### Aim of the task
Each line in the records below, from the one that contains "unfolding Field_def by blast" to the one that contains "using P_mat_spec[OF assms, where", should be reproduced exactly, the first and last included.

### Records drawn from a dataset
--- START ---

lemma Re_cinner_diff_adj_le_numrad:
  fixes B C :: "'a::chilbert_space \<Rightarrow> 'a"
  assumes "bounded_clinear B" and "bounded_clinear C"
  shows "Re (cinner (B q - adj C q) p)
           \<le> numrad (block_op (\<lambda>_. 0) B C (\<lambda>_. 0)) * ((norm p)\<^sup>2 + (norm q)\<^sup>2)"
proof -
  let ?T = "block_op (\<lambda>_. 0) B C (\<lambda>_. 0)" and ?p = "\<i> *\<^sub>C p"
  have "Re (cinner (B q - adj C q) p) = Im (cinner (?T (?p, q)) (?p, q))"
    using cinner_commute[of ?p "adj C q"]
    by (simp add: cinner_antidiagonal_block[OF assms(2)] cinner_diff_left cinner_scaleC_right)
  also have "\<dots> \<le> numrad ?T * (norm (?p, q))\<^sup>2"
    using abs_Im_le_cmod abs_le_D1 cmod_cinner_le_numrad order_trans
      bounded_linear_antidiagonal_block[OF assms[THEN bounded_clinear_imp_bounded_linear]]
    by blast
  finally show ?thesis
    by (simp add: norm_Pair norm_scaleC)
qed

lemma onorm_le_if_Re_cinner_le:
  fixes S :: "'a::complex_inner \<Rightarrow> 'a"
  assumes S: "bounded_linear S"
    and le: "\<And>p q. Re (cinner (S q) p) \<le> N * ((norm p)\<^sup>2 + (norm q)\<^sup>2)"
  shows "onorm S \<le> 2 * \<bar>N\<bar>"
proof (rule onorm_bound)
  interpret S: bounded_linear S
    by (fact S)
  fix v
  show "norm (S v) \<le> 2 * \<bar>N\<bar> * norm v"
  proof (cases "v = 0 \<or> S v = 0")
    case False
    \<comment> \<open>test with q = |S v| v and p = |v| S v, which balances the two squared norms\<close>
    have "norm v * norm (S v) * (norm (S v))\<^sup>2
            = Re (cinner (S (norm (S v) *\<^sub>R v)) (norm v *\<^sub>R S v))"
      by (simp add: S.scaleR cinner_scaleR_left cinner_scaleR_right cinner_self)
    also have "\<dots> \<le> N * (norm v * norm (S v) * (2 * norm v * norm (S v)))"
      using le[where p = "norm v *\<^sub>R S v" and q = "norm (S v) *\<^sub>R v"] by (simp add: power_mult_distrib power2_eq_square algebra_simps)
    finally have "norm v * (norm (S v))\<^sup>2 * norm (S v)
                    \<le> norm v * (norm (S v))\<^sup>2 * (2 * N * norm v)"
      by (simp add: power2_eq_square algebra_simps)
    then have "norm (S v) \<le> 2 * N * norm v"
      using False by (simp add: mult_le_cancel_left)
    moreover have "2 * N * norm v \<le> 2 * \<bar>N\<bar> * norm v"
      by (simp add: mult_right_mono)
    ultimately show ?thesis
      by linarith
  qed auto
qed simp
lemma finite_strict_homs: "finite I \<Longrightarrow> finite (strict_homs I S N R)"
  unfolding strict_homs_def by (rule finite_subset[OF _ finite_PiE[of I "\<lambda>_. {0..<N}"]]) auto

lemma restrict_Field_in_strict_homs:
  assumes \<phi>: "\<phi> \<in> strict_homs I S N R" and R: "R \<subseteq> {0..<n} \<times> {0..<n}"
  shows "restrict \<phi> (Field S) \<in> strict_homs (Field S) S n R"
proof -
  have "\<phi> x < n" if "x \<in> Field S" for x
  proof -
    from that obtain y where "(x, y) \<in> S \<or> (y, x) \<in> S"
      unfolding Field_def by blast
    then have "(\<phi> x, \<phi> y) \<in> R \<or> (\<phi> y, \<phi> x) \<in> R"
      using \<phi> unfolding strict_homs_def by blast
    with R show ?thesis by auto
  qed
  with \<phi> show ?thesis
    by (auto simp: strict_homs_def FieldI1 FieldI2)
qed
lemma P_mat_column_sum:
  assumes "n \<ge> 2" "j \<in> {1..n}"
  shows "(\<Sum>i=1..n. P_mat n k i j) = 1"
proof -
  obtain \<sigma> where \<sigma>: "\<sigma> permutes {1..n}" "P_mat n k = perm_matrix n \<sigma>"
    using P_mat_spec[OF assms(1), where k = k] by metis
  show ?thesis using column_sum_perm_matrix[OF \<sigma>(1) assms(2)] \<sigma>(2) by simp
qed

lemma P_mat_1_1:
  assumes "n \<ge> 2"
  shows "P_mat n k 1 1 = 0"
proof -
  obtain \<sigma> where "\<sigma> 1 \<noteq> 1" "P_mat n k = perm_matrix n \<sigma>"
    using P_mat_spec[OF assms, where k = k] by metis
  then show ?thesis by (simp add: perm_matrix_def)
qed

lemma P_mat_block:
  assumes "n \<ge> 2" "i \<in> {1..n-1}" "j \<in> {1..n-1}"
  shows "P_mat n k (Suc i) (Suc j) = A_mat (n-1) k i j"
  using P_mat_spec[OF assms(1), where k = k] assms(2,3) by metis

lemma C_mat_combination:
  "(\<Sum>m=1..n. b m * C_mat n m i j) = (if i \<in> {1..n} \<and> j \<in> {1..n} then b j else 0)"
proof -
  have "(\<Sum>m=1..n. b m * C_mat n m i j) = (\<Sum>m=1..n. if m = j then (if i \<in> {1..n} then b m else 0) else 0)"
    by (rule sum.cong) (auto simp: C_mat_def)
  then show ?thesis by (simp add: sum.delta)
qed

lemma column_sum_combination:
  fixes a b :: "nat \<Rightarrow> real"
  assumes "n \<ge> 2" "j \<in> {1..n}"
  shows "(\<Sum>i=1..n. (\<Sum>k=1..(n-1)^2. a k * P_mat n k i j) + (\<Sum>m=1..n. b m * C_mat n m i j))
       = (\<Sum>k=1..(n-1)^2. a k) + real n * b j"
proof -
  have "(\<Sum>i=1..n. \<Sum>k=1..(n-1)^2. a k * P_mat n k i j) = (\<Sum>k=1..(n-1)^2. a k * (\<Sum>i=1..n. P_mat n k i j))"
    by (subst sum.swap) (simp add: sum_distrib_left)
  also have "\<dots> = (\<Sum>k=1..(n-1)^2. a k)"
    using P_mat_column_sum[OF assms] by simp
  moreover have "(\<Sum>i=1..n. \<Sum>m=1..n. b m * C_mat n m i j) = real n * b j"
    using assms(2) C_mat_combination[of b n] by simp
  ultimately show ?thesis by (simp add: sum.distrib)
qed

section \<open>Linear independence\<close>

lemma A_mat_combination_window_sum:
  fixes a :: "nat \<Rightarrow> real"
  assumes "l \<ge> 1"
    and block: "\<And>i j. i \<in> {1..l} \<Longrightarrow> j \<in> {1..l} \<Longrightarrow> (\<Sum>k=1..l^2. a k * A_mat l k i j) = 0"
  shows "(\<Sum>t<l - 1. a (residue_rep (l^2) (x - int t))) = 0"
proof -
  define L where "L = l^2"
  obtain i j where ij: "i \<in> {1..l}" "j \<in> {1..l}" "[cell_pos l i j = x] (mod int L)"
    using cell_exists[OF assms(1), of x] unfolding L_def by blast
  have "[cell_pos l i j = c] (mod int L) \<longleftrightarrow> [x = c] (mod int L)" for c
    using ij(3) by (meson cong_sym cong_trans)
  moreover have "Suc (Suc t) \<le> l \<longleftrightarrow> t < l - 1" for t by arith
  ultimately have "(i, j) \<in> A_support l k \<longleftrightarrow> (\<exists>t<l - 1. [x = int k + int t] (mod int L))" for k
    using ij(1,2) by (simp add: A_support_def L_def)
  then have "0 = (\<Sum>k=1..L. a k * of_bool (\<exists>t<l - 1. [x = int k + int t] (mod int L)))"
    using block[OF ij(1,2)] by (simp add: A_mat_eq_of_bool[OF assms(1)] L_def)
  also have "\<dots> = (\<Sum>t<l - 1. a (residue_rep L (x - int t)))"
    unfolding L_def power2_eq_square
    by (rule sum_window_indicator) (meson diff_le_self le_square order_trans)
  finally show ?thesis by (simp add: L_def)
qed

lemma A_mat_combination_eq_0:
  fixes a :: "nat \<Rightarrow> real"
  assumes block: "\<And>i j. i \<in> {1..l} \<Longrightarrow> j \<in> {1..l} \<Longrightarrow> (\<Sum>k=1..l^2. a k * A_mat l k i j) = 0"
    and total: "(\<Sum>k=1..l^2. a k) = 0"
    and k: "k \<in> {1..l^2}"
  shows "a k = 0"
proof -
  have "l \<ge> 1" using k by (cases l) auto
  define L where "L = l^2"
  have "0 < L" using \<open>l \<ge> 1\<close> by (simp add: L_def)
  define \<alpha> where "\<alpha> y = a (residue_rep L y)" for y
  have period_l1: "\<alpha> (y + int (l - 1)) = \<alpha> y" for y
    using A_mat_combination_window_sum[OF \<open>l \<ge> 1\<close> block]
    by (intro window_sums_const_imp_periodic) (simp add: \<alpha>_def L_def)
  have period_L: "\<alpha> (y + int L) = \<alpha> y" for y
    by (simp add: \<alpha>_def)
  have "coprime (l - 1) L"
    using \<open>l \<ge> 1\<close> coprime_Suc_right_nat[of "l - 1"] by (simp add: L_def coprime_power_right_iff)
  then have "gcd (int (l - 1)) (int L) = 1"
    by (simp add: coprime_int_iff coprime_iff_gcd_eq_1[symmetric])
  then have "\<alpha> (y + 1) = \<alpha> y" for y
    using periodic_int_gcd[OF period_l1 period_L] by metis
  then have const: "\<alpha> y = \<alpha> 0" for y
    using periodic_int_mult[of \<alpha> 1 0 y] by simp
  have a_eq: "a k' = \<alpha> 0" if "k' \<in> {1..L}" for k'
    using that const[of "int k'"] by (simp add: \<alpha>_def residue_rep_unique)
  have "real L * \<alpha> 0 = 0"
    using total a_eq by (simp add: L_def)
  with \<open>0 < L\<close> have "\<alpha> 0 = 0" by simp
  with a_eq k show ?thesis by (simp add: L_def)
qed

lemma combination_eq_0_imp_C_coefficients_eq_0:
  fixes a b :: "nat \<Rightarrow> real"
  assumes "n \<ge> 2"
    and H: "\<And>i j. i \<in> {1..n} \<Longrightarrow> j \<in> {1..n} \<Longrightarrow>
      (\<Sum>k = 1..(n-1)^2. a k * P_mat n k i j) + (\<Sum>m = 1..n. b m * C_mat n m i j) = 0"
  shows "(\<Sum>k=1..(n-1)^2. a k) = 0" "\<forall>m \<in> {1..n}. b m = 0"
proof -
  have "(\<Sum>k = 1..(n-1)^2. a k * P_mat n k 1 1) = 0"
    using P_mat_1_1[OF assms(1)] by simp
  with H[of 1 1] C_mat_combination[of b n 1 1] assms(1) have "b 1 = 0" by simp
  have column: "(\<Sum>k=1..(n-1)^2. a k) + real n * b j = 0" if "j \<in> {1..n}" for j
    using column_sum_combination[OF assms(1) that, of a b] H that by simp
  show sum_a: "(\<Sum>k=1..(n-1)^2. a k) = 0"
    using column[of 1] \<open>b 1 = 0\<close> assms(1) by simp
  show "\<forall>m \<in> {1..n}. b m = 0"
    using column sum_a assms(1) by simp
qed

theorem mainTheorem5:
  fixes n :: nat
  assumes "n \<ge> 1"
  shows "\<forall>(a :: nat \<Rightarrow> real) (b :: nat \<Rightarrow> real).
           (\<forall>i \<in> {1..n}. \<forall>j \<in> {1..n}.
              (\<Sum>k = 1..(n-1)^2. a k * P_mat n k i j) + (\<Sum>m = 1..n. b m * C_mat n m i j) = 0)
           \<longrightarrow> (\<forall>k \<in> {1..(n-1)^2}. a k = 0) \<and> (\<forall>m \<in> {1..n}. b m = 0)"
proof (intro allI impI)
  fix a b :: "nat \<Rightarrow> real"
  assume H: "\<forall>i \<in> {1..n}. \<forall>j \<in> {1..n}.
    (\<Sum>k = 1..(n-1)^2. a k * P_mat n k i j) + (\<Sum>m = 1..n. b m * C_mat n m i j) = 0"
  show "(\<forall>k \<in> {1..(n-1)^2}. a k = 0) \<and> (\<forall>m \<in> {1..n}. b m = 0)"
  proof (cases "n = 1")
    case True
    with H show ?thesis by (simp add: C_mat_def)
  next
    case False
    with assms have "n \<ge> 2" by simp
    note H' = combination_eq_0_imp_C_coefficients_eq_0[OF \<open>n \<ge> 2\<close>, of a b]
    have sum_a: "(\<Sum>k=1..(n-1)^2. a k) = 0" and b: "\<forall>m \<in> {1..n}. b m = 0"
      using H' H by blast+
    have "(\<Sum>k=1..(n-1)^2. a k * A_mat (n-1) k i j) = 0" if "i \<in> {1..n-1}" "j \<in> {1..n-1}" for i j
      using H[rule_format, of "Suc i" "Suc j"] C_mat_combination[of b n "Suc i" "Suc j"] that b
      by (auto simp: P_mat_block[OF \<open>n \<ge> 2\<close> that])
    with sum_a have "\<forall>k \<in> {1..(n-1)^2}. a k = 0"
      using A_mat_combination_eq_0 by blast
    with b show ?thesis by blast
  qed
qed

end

--- END ---
--- START ---

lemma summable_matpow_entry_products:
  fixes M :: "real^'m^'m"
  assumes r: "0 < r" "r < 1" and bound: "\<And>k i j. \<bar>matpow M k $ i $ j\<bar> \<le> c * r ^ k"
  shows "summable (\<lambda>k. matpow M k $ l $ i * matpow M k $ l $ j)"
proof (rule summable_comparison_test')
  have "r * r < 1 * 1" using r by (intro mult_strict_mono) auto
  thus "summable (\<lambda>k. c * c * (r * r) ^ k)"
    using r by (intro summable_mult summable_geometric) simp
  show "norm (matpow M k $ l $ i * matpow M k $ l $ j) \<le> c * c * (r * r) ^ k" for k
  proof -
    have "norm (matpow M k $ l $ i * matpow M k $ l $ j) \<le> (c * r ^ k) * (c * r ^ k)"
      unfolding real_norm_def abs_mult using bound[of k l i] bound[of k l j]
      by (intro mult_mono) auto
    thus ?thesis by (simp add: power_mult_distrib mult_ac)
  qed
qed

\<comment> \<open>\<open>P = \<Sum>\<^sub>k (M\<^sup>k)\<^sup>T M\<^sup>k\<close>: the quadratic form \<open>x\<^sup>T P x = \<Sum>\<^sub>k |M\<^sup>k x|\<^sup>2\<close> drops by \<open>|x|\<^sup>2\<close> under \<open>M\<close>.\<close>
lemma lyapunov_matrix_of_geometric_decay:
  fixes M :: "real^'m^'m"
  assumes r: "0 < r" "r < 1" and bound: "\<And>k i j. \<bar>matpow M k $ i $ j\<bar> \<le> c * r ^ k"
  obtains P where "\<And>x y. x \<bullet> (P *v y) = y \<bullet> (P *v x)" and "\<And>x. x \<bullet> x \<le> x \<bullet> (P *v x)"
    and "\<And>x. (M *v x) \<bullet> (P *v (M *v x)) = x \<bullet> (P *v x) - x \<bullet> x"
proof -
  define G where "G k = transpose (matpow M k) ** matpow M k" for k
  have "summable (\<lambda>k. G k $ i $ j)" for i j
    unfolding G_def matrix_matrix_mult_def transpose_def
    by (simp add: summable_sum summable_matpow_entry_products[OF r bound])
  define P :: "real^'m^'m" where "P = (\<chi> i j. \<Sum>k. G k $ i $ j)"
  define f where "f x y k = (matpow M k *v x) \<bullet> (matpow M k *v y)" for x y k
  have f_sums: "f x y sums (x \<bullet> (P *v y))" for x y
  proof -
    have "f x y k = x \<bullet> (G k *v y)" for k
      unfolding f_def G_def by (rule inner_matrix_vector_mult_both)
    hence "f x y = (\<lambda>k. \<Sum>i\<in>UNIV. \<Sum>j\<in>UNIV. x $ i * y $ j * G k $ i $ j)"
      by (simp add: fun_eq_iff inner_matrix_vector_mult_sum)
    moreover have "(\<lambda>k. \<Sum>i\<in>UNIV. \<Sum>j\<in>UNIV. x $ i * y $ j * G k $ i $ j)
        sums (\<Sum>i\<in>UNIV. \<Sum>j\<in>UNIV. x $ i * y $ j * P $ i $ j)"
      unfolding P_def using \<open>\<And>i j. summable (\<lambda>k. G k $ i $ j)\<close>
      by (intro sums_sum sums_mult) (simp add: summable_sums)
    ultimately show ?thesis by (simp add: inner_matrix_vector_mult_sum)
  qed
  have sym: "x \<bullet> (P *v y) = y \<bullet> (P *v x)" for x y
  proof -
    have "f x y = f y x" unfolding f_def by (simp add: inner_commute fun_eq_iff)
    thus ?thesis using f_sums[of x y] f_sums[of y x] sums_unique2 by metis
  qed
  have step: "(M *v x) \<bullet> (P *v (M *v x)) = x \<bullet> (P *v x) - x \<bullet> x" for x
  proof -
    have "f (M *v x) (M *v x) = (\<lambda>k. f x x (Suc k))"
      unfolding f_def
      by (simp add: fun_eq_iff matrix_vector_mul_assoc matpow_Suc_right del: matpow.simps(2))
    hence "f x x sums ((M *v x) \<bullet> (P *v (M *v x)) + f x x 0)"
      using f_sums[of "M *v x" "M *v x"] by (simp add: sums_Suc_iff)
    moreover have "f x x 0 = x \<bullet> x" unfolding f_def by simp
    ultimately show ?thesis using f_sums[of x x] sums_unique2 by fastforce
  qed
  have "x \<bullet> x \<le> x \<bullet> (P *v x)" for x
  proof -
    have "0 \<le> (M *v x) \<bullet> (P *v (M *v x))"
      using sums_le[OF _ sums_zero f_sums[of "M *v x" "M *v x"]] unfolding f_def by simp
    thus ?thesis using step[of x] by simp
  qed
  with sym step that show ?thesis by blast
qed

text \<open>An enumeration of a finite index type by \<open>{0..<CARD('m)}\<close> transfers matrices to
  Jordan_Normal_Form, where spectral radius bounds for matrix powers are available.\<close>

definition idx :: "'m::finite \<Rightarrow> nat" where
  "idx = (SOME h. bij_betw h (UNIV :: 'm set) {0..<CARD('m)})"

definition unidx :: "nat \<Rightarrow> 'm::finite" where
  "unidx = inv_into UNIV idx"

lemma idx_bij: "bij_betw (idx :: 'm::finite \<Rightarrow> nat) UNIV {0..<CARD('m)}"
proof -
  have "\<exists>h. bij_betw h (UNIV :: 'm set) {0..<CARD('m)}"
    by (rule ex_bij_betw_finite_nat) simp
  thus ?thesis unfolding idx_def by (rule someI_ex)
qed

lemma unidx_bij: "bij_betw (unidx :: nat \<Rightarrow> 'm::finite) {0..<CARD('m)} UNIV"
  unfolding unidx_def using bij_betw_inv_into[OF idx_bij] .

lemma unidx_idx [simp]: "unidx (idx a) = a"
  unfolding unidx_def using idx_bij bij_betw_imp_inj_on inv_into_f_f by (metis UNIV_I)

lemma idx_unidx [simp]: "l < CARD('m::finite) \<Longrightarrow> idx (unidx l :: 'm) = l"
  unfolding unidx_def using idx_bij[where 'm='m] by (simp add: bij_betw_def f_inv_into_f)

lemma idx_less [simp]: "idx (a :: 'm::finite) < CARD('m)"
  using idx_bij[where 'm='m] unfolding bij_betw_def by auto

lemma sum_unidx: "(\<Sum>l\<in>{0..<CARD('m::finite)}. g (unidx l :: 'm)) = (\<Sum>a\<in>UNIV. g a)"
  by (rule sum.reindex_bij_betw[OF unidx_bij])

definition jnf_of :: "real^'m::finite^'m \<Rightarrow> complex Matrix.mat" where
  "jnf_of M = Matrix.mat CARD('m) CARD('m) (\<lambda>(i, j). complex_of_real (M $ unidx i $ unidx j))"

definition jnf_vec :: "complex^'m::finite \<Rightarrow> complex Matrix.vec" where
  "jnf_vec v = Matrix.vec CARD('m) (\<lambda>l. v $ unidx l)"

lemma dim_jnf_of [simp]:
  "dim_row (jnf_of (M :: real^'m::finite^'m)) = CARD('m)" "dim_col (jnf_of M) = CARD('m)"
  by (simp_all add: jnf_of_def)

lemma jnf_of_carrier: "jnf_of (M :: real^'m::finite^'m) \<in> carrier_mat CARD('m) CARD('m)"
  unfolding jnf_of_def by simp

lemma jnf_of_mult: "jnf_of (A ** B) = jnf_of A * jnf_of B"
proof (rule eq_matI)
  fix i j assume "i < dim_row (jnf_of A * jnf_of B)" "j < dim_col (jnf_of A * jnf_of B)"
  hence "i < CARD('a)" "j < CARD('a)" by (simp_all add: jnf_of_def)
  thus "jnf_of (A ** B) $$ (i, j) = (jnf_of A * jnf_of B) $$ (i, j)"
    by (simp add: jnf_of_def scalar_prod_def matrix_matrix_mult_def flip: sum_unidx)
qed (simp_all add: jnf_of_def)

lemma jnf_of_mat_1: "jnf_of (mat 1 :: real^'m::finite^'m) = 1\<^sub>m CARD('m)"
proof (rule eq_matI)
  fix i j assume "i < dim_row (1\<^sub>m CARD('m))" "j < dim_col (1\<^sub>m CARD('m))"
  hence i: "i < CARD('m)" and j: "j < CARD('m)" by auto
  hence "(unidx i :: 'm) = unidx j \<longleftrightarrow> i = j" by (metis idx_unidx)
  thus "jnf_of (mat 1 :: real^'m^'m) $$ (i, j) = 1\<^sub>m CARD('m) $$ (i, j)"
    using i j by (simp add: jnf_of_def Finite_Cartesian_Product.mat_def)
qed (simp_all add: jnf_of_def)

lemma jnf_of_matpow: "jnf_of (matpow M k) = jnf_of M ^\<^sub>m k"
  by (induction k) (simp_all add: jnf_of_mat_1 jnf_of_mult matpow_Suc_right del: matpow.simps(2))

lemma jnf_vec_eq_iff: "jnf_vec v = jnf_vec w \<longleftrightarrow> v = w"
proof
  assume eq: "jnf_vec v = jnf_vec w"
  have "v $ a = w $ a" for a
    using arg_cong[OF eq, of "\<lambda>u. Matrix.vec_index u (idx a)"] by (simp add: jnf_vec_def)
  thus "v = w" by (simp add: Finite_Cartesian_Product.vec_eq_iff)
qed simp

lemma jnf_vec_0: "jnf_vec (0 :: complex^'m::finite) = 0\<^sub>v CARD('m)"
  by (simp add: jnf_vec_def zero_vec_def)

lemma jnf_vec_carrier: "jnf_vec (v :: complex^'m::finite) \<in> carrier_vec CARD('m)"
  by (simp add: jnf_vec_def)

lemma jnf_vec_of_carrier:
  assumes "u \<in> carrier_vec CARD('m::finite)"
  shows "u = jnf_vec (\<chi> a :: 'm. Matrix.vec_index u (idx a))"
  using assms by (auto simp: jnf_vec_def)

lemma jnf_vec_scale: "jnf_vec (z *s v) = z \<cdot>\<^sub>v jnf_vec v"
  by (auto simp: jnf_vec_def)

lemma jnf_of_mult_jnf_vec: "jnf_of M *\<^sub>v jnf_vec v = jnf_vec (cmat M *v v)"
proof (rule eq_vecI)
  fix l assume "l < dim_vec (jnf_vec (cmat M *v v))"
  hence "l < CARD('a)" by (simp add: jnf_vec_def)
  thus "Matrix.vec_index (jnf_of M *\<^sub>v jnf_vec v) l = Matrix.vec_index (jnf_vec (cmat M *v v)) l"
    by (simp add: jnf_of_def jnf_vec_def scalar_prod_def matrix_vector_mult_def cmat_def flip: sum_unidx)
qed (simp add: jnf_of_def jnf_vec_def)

--- END ---

### Result for this task
      unfolding Field_def by blast
    then have "(\<phi> x, \<phi> y) \<in> R \<or> (\<phi> y, \<phi> x) \<in> R"
      using \<phi> unfolding strict_homs_def by blast
    with R show ?thesis by auto
  qed
  with \<phi> show ?thesis
    by (auto simp: strict_homs_def FieldI1 FieldI2)
qed
lemma P_mat_column_sum:
  assumes "n \<ge> 2" "j \<in> {1..n}"
  shows "(\<Sum>i=1..n. P_mat n k i j) = 1"
proof -
  obtain \<sigma> where \<sigma>: "\<sigma> permutes {1..n}" "P_mat n k = perm_matrix n \<sigma>"
    using P_mat_spec[OF assms(1), where k = k] by metis
  show ?thesis using column_sum_perm_matrix[OF \<sigma>(1) assms(2)] \<sigma>(2) by simp
qed

lemma P_mat_1_1:
  assumes "n \<ge> 2"
  shows "P_mat n k 1 1 = 0"
proof -
  obtain \<sigma> where "\<sigma> 1 \<noteq> 1" "P_mat n k = perm_matrix n \<sigma>"
    using P_mat_spec[OF assms, where k = k] by metis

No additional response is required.